Module 1: Scraping ESPN Play-by-Play Data at Scale

**Build a Polymarket Prediction Bot from Scratch**

---

What We're Building

In this module, we build a production-grade scraper that pulls **game-state snapshots** from ESPN's public API. By the end, you'll have a dataset of hundreds of thousands of rows — each one a snapshot of a game at a specific moment (score, period, time remaining, ESPN's own win probability) — with the final outcome attached as a label.

This dataset is the foundation for everything else in the course: training win-probability models, calibrating edge thresholds, backtesting strategies, and ultimately running a live bot on Polymarket.

Why ESPN?

  • **Free** — No API key, no authentication, no rate-limit headers.

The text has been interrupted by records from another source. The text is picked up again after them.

lemma weak_sol_exponential_decay:
  fixes e :: "nat \<Rightarrow> 'a::{real_inner,complete_space}" and w :: "real \<Rightarrow> 'a"
  assumes basis: "orthonormal_basis e"
    and lam_pos: "\<And>n. 0 < lam n" and lam_min: "\<And>n. lam 0 \<le> lam n" and "\<alpha> \<le> 1"
    and sol: "weak_sol lam e \<alpha> (\<lambda>s n. \<phi> s n - \<kappa> n * inner (w s) (e n)) w"
    and \<kappa>: "\<And>n. 0 \<le> \<kappa> n"
    and \<phi>_in: "\<And>s. 0 < s \<Longrightarrow> \<phi> s \<in> Hneg lam \<alpha>"
    and \<phi>_lip: "\<And>s. 0 < s \<Longrightarrow> Hneg_norm lam \<alpha> (\<phi> s) \<le> L * Hs_norm lam e \<alpha> (w s)"
    and \<phi>_bdd: "\<And>s. 0 < s \<Longrightarrow> Hneg_norm lam \<alpha> (\<phi> s) \<le> C"
    and margin: "\<And>n. b \<le> lam n + \<kappa> n - L * lam n powr \<alpha>"
    and "0 < L" "0 < b" "0 \<le> t"
  shows "norm (w t) \<le> norm (w 0) * exp (- b * t)"
proof -
  define E where "E M s = (\<Sum>n<M. (inner (w s) (e n))\<^sup>2)" for M s
  define I where "I = (\<lambda>M s. exp (2 * b * s) * (\<Sum>n<M. (2 * b - 2 * (lam n + \<kappa> n))
    * (inner (w s) (e n))\<^sup>2 + 2 * inner (w s) (e n) * \<phi> s n))"
  define T where "T M s = (Hs_norm lam e \<alpha> (w s))\<^sup>2 - (\<Sum>n<M. lam n powr \<alpha> * (inner (w s) (e n))\<^sup>2)"
    for M s
  have w_Hs: "w s \<in> Hs lam e \<alpha>" if "0 < s" for s using sol that by (simp add: weak_sol_def)
  obtain R where R: "\<And>s. s \<in> {0..t} \<Longrightarrow> norm (w s) \<le> R"
    using weak_sol_bounded_on[OF sol] by blast
  have "((\<lambda>s. \<Sum>n<M. exp (2 * b * s) * ((2 * b - 2 * (lam n + \<kappa> n)) * (inner (w s) (e n))\<^sup>2
      + 2 * inner (w s) (e n) * \<phi> s n)) has_integral
      (\<Sum>n<M. exp (2 * b * t) * (inner (w t) (e n))\<^sup>2 - (inner (w 0) (e n))\<^sup>2)) {0..t}" for M
    by (intro has_integral_sum finite_lessThan
        weak_sol_coordinate_energy[OF basis lam_pos sol \<phi>_in \<phi>_bdd \<open>0 \<le> t\<close>])
  then have "(I M has_integral exp (2 * b * t) * E M t - E M 0) {0..t}" for M
    by (simp add: I_def E_def sum_distrib_left sum_subtractf)
  moreover have "I M s \<le> exp (2 * b * t) * (2 * b * R\<^sup>2 + lam 0 powr (\<alpha> - 1) * C\<^sup>2)"
    if s: "s \<in> {0<..t}" for M s
  proof -
    have "(\<Sum>n<M. (2 * b - 2 * (lam n + \<kappa> n)) * (inner (w s) (e n))\<^sup>2 + 2 * inner (w s) (e n) * \<phi> s n)
        \<le> 2 * b * (norm (w s))\<^sup>2 + lam 0 powr (\<alpha> - 1) * (Hneg_norm lam \<alpha> (\<phi> s))\<^sup>2"
      using s \<kappa> \<open>0 < b\<close>
      by (intro partial_energy_rate_le[OF basis lam_pos lam_min \<open>\<alpha> \<le> 1\<close> _ \<phi>_in]) auto
    also have "\<dots> \<le> 2 * b * R\<^sup>2 + lam 0 powr (\<alpha> - 1) * C\<^sup>2"
      using R[of s] \<phi>_bdd[of s] Hneg_norm_nonneg[OF \<phi>_in[of s]] s \<open>0 < b\<close>
      by (intro add_mono mult_left_mono power_mono) auto
    finally have "I M s \<le> exp (2 * b * s) * (2 * b * R\<^sup>2 + lam 0 powr (\<alpha> - 1) * C\<^sup>2)"
      unfolding I_def by (rule mult_left_mono) simp
    also have "\<dots> \<le> exp (2 * b * t) * (2 * b * R\<^sup>2 + lam 0 powr (\<alpha> - 1) * C\<^sup>2)"
      using s \<open>0 < b\<close> by (intro mult_right_mono) auto
    finally show ?thesis .
  qed
  moreover have "I M s \<le> exp (2 * b * s) * (L * T M s)" if s: "s \<in> {0<..t}" for M s
    unfolding I_def T_def using s margin \<open>0 < L\<close>
    by (intro mult_left_mono partial_energy_rate_le_tail[OF lam_pos w_Hs \<phi>_in \<phi>_lip]) auto
  moreover have "(\<lambda>M. exp (2 * b * s) * (L * T M s)) \<longlonglongrightarrow> 0" if "s \<in> {0<..t}" for s
  proof -
    have "(\<lambda>M. T M s) \<longlonglongrightarrow> (Hs_norm lam e \<alpha> (w s))\<^sup>2 - (Hs_norm lam e \<alpha> (w s))\<^sup>2"
      unfolding T_def using Hs_norm_sums[OF w_Hs] that
      by (intro tendsto_diff tendsto_const) (simp add: sums_def)
    then show ?thesis by (simp add: tendsto_mult_right_zero)
  qed
  moreover have "(\<lambda>M. exp (2 * b * t) * E M t - E M 0)
      \<longlonglongrightarrow> exp (2 * b * t) * (norm (w t))\<^sup>2 - (norm (w 0))\<^sup>2"
    using parseval[OF basis] by (intro tendsto_intros) (simp_all add: E_def sums_def)
  ultimately have "exp (2 * b * t) * (norm (w t))\<^sup>2 - (norm (w 0))\<^sup>2 \<le> 0"
    by (rule integrals_limit_nonpos)
  then have "(norm (w t))\<^sup>2 \<le> (norm (w 0) * exp (- b * t))\<^sup>2"
    by (simp add: power_mult_distrib exp_minus field_simps flip: exp_of_nat_mult)
  then show ?thesis by (rule power2_le_imp_le) simp
qed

Just HTTP GET requests.
  • **Real-time** — The same endpoints power ESPN's live scoreboard, so they update within seconds of real events.
  • **Comprehensive** — Covers NBA, NCAAMB, NHL, MLB, NFL, CFB, soccer leagues, and more.
  • **Win probability included** — For basketball and football, ESPN returns a `winprobability` array alongside the play-by-play, giving us a free baseline model to benchmark against.
  • What the Output Looks Like

    Each row in our final dataset represents one play/moment in a game:

    | game_id | sport | home_team | away_team | home_score | away_score | period | seconds_remaining | score_diff | time_fraction | espn_home_wp | home_wins |

    |---------|-------|-----------|-----------|------------|------------|--------|-------------------|------------|---------------|--------------|-----------|

    | 401584793 | NBA | BOS | MIA | 28 | 22 | 2 | 1380.0 | 6 | 0.479 | 0.712 | 1 |

    | 401584793 | NBA | BOS | MIA | 30 | 25 | 2 | 1320.0 | 5 | 0.458 | 0.695 | 1 |

    | 401584793 | NBA | BOS | MIA | 30 | 28 | 2 | 1260.0 | 2 | 0.437 | 0.621 | 1 |

    **Key columns:**

  • `score_diff` — Home score minus away score (positive = home leading)
  • `time_fraction` — Fraction of game remaining (1.0 = start, 0.0 = end)
  • `espn_home_wp` — ESPN's own win probability for the home team (our baseline)
  • `home_wins` — Ground truth label (1 = home won, 0 = away won)
  • # ── Install required packages (run this cell first!) ──────────────────────────
    # Uncomment the line below and run if you haven't installed these yet:
    # !pip install aiohttp pandas numpy matplotlib pyarrow tqdm
    

    How to use AI with this notebook

    **New to Python? No problem.** Every cell in this notebook is designed to work with AI coding assistants.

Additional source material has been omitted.